Figure 9. Microstructure evolution mechanisms of Ti2AlNb-based alloy stiffened panel during EAPB process. A, B, C denote the top, mid and bottom positions of the rib.
According to the research of Wu et al. [20,21,22], the fine lamellar O phase of Ti-24Al-14Nb-3V-0.5Mo alloy can be directly transformed from the α2 phase, distributed around the primary α2 phase in the early aging period, and grows inside the α2 phase during the aging process. The nucleation and growth of the O phase on α2 phase matrix is controlled by the atomic diffusion process. Therefore, the decrease in primary α2 phase content in region I~III after EAPB of Ti2AlNb-based alloy stiffened panel can be explained as follows: In the forming process, the distortion energy accumulates significantly at the phase boundary between α2 and B2 phase. Under the action of the Joule heating effect, the Nb element in the B2 matrix diffused through the α2/B2 phase boundary in a short range, which further leads to the formation of interphase Nb-poor and Nb-rich regions at the edge of the primary α2 phase. The secondary fine acicular O phase nucleates around the α2 phase and grows inside the α2 phase. The α2 phase is a brittle phase with poor plasticity and a small amount of independent slip systems [23]. The decrease in α2 phase content will lead to the increase in plasticity of region I~III.

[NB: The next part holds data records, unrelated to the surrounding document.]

(* Let $\alpha,\gamma\in(0,1)$, $f\in C^1[0,1]$ with $f(0)=0$, $D\in C^1[0,1]$ with $D>0$ on $(0,\alpha)$ and $D<0$ on $(\alpha,1)$, $g\in C^0[0,1]$ with $g<0$ on $(0,\gamma)$, $g>0$ on $(\gamma,1)$ and $g(0)=g(\gamma)=g(1)=0$. Let $\phi$ be the profile of a wavefront with speed $c$. Then the function $\mathcal V(\xi):=D(\phi(\xi))\phi'(\xi)$, defined for a.e. $\xi\in\mathbb R$, has a continuous extension to all of $\mathbb R$. Moreover $\lim_{\xi\to\xi_1^+}\mathcal V(\xi)=0$ and $\lim_{\xi\to\xi_0^-}\mathcal V(\xi)=0$, where $\xi_1:=\inf\{\xi:\phi(\xi)<1\}\in[-\infty,\infty)$ and $\xi_0:=\sup\{\xi:\phi(\xi)>0\}\in(-\infty,\infty]$.
   Context: A traveling wave with speed $c$ and profile $\phi$ on $\mathbb R$ is a function $\phi\in C(\mathbb R)$ with values in $[0,1]$, differentiable a.e., with $D(\phi)\phi'\in L^1_{\rm loc}(\mathbb R)$, such that $\int_{\mathbb R}\big(D(\phi)\phi'-f(\phi)+c\phi\big)\psi'-g(\phi)\psi\,d\xi=0$ for all $\psi\in C_0^\infty(\mathbb R)$. A wavefront is such a traveling wave whose profile is monotone and non-constant; profiles are taken non-increasing with $\phi(-\infty)=1$, $\phi(+\infty)=0$. *)

theory Defs
  imports "HOL-Analysis.Analysis"
begin

definition C1_on :: "real \<Rightarrow> real \<Rightarrow> (real \<Rightarrow> real) \<Rightarrow> bool" where
  "C1_on a b h \<longleftrightarrow> (\<exists>h'. continuous_on {a..b} h' \<and>
      (\<forall>x\<in>{a..b}. (h has_real_derivative h' x) (at x within {a..b})))"

definition test_function :: "(real \<Rightarrow> real) \<Rightarrow> bool" where
  "test_function \<psi> \<longleftrightarrow> (\<forall>k x. ((deriv ^^ k) \<psi>) differentiable (at x))
      \<and> bounded {x. \<psi> x \<noteq> 0}"

definition traveling_wave ::
  "(real \<Rightarrow> real) \<Rightarrow> (real \<Rightarrow> real) \<Rightarrow> (real \<Rightarrow> real) \<Rightarrow> real \<Rightarrow> (real \<Rightarrow> real) \<Rightarrow> bool" where
  "traveling_wave D f g c \<phi> \<longleftrightarrow>
     continuous_on UNIV \<phi> \<and> (\<forall>\<xi>. \<phi> \<xi> \<in> {0..1}) \<and>
     (AE \<xi> in lborel. \<phi> differentiable (at \<xi>)) \<and>
     (\<forall>K. compact K \<longrightarrow> set_integrable lborel K (\<lambda>\<xi>. D (\<phi> \<xi>) * deriv \<phi> \<xi>)) \<and>
     (\<forall>\<psi>. test_function \<psi> \<longrightarrow>
        (LINT \<xi>|lborel. (D (\<phi> \<xi>) * deriv \<phi> \<xi> - f (\<phi> \<xi>) + c * \<phi> \<xi>) * deriv \<psi> \<xi>
                        - g (\<phi> \<xi>) * \<psi> \<xi>) = 0)"

text \<open>Wavefront: monotone non-constant traveling wave; normalized non-increasing
  with \<phi>(-\<infinity>) = 1, \<phi>(+\<infinity>) = 0.\<close>
definition wavefront ::
  "(real \<Rightarrow> real) \<Rightarrow> (real \<Rightarrow> real) \<Rightarrow> (real \<Rightarrow> real) \<Rightarrow> real \<Rightarrow> (real \<Rightarrow> real) \<Rightarrow> bool" where
  "wavefront D f g c \<phi> \<longleftrightarrow> traveling_wave D f g c \<phi> \<and> antimono \<phi> \<and>
     (\<exists>x y. \<phi> x \<noteq> \<phi> y) \<and> (\<phi> \<longlongrightarrow> 1) at_bot \<and> (\<phi> \<longlongrightarrow> 0) at_top"

end

theory Submission
  imports Defs "HOL-Computational_Algebra.Polynomial"
begin

(* Let G be a primitive of g(phi).  Testing the weak equation against psi and integrating
   G psi' by parts shows that H = D(phi) phi' - f(phi) + c phi + G (first_integral below)
   has weak derivative 0.  Testing against smooth approximations of the step functions
   1_(s,s+L] - L 1_(0,1] shows that all interval means of H agree, so H is almost
   everywhere equal to a constant k, and W = f(phi) - c phi - G + k (continuous_flux) is
   a continuous representative of D(phi) phi'.

   Where phi is constant, i.e. left of xi_1 and right of xi_0, phi' = 0; so W vanishes
   there and its one-sided limits at xi_1 and xi_0 are 0 by continuity.  Near -oo and +oo
   the sign of g makes G monotone while f(phi) - c phi converges, so W - (f(phi) - c phi)
   is monotone there and W x is squeezed between the values of W at points on either side
   of x.  Moreover |W| >= e on [a,b] forces |phi'| >= e / max |D| almost everywhere on
   [a,b], and since phi is monotone, the change of variables formula gives
   e (b - a) <= max |D| (phi a - phi b) <= max |D|.  Hence small values of W occur in
   every long interval, and W tends to 0 at -oo and +oo. *)

section \<open>Smooth functions\<close>

lemma real_differentiable_iff_field_differentiable:
  "(f :: real \<Rightarrow> real) differentiable (at x) \<longleftrightarrow> f field_differentiable (at x)"
  by (metis DERIV_deriv_iff_field_differentiable DERIV_deriv_iff_real_differentiable)

definition differentiable_upto :: "nat \<Rightarrow> (real \<Rightarrow> real) \<Rightarrow> bool" where
  "differentiable_upto n f \<longleftrightarrow> (\<forall>k<n. \<forall>x. (deriv ^^ k) f differentiable (at x))"

definition smooth :: "(real \<Rightarrow> real) \<Rightarrow> bool" where
  "smooth f \<longleftrightarrow> (\<forall>k x. (deriv ^^ k) f differentiable (at x))"

lemma differentiable_upto_0 [simp]: "differentiable_upto 0 f"
  by (simp add: differentiable_upto_def)

lemma differentiable_upto_Suc:
  "differentiable_upto (Suc n) f \<longleftrightarrow>
     (\<forall>x. f differentiable (at x)) \<and> differentiable_upto n (deriv f)"
  unfolding differentiable_upto_def All_less_Suc2
  by (simp add: funpow_Suc_right del: funpow.simps)

lemma differentiable_upto_Suc_D: "differentiable_upto (Suc n) f \<Longrightarrow> differentiable_upto n f"
  by (simp add: differentiable_upto_def)

lemma smooth_iff_differentiable_upto: "smooth f \<longleftrightarrow> (\<forall>n. differentiable_upto n f)"
  unfolding smooth_def differentiable_upto_def by (blast intro: lessI)

lemma smooth_iff_deriv: "smooth f \<longleftrightarrow> (\<forall>x. f differentiable (at x)) \<and> smooth (deriv f)"
proof -
  have "smooth f \<longleftrightarrow> (\<forall>n. differentiable_upto (Suc n) f)"
    unfolding smooth_iff_differentiable_upto by (metis differentiable_upto_Suc_D)
  then show ?thesis
    unfolding differentiable_upto_Suc smooth_iff_differentiable_upto by blast
qed

lemma differentiable_upto_const: "differentiable_upto n (\<lambda>x. c)"
  by (induction n arbitrary: c) (simp_all add: differentiable_upto_Suc)

lemma differentiable_upto_add:
  "differentiable_upto n f \<Longrightarrow> differentiable_upto n g \<Longrightarrow> differentiable_upto n (\<lambda>x. f x + g x)"
proof (induction n arbitrary: f g)
  case (Suc n)
  have f: "\<And>x. f differentiable (at x)" "differentiable_upto n (deriv f)"
    and g: "\<And>x. g differentiable (at x)" "differentiable_upto n (deriv g)"
    using Suc.prems by (simp_all add: differentiable_upto_Suc)
  have "deriv (\<lambda>x. f x + g x) = (\<lambda>x. deriv f x + deriv g x)"
    using f g by (intro ext deriv_add) (simp_all add: real_differentiable_iff_field_differentiable)
  then show ?case
    using f g by (simp add: differentiable_upto_Suc Suc.IH)
qed simp

lemma differentiable_upto_mult:
  "differentiable_upto n f \<Longrightarrow> differentiable_upto n g \<Longrightarrow> differentiable_upto n (\<lambda>x. f x * g x)"
proof (induction n arbitrary: f g)
  case (Suc n)
  have f: "\<And>x. f differentiable (at x)" "differentiable_upto n f" "differentiable_upto n (deriv f)"
    and g: "\<And>x. g differentiable (at x)" "differentiable_upto n g" "differentiable_upto n (deriv g)"
    using Suc.prems Suc.prems[THEN differentiable_upto_Suc_D]
    by (simp_all add: differentiable_upto_Suc)
  have "deriv (\<lambda>x. f x * g x) = (\<lambda>x. f x * deriv g x + deriv f x * g x)"
    using f g by (intro ext deriv_mult) (simp_all add: real_differentiable_iff_field_differentiable)
  then show ?case
    using f g by (simp add: differentiable_upto_Suc differentiable_upto_add Suc.IH)
qed simp

lemma differentiable_upto_affine_comp:
  "differentiable_upto n f \<Longrightarrow> differentiable_upto n (\<lambda>x. f (a * x + b))"
proof (induction n arbitrary: f)
  case (Suc n)
  have f: "\<And>x. f differentiable (at x)" "differentiable_upto n (deriv f)"
    using Suc.prems by (simp_all add: differentiable_upto_Suc)
  have "deriv (\<lambda>x. f (a * x + b)) = (\<lambda>x. a * deriv f (a * x + b))"
    using f by (intro ext deriv_compose_linear') (simp add: real_differentiable_iff_field_differentiable)
  moreover have "(\<lambda>x. f (a * x + b)) differentiable (at x)" for x
    using differentiable_chain_at[of "\<lambda>x. a * x + b" x f] f(1) by (simp add: o_def)
  moreover have "differentiable_upto n (\<lambda>x. a * deriv f (a * x + b))"
    using differentiable_upto_mult[OF differentiable_upto_const Suc.IH[OF f(2)]] .
  ultimately show ?case
    by (simp add: differentiable_upto_Suc)
qed simp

The content of the secondary/acicular O phase in region I~III increases, which brings the precipitation strengthening and further leads to the strengthening of the material at both room temperature and high temperature. According to the research of Wang et al. [15,24,25], the secondary O phase can be obtained when aging at 760~840 °C, and the content of the secondary acicular O phase obtained by aging at 760 °C is the highest. Xue et al. [26] pointed out that the thickness of the lamellar O phase would coarsen with the increase in aging temperature or time (the thickness of the lamellar O phase after solid solution at 980 °C + aging at 760 °C for 1 h was 0.16 μm), and this transition process was controlled by diffusion. Furthermore, the generation secondary acicular O phase is driven by electrically induced multisite nucleation, enhanced diffusivity, and subsequent precipitation transformation within the matrix B2 phase. The lowered supersaturation of the Nb element and the release of distortion energy in the matrix B2 phase are the driving force of this process. Moreover, the growth of the acicular O phase stops after contact with other phases, which is consistent with the research results of Meng et al. [27]. It believes that under the fast cooling rate, the secondary phase induced nucleation nucleates from the grain boundary/phase boundary, grows, and stops after contact with the new phase growing in the relative direction. The secondary acicular O phase is hard and brittle [28,29], which can effectively improve the strength of the material, and that is the reason why the hardness value at the web of region I~III is higher than that at the ribs.
In region I~III, the lengths of the lath O phase were shortened to varying degrees, while the minor axes became thicker, which is related to the spheroidization of the lath O phase. According to research by Li et al. [10], during the deformation of Ti2AlNb-based alloys in the two-phase region (930~970 °C), as the deformation temperature increases, the primary O lath transforms into the B2 matrix, thus the O phase content decreases and the spheroidization rate increases. The length of the primary lath O phase shortens, while its thickness increases. In region I~III, the temperature during the entire deformation process mainly ranges between 300 and 600 °C; rapid spheroidization cannot occur if only the effects of deformation and temperature are considered.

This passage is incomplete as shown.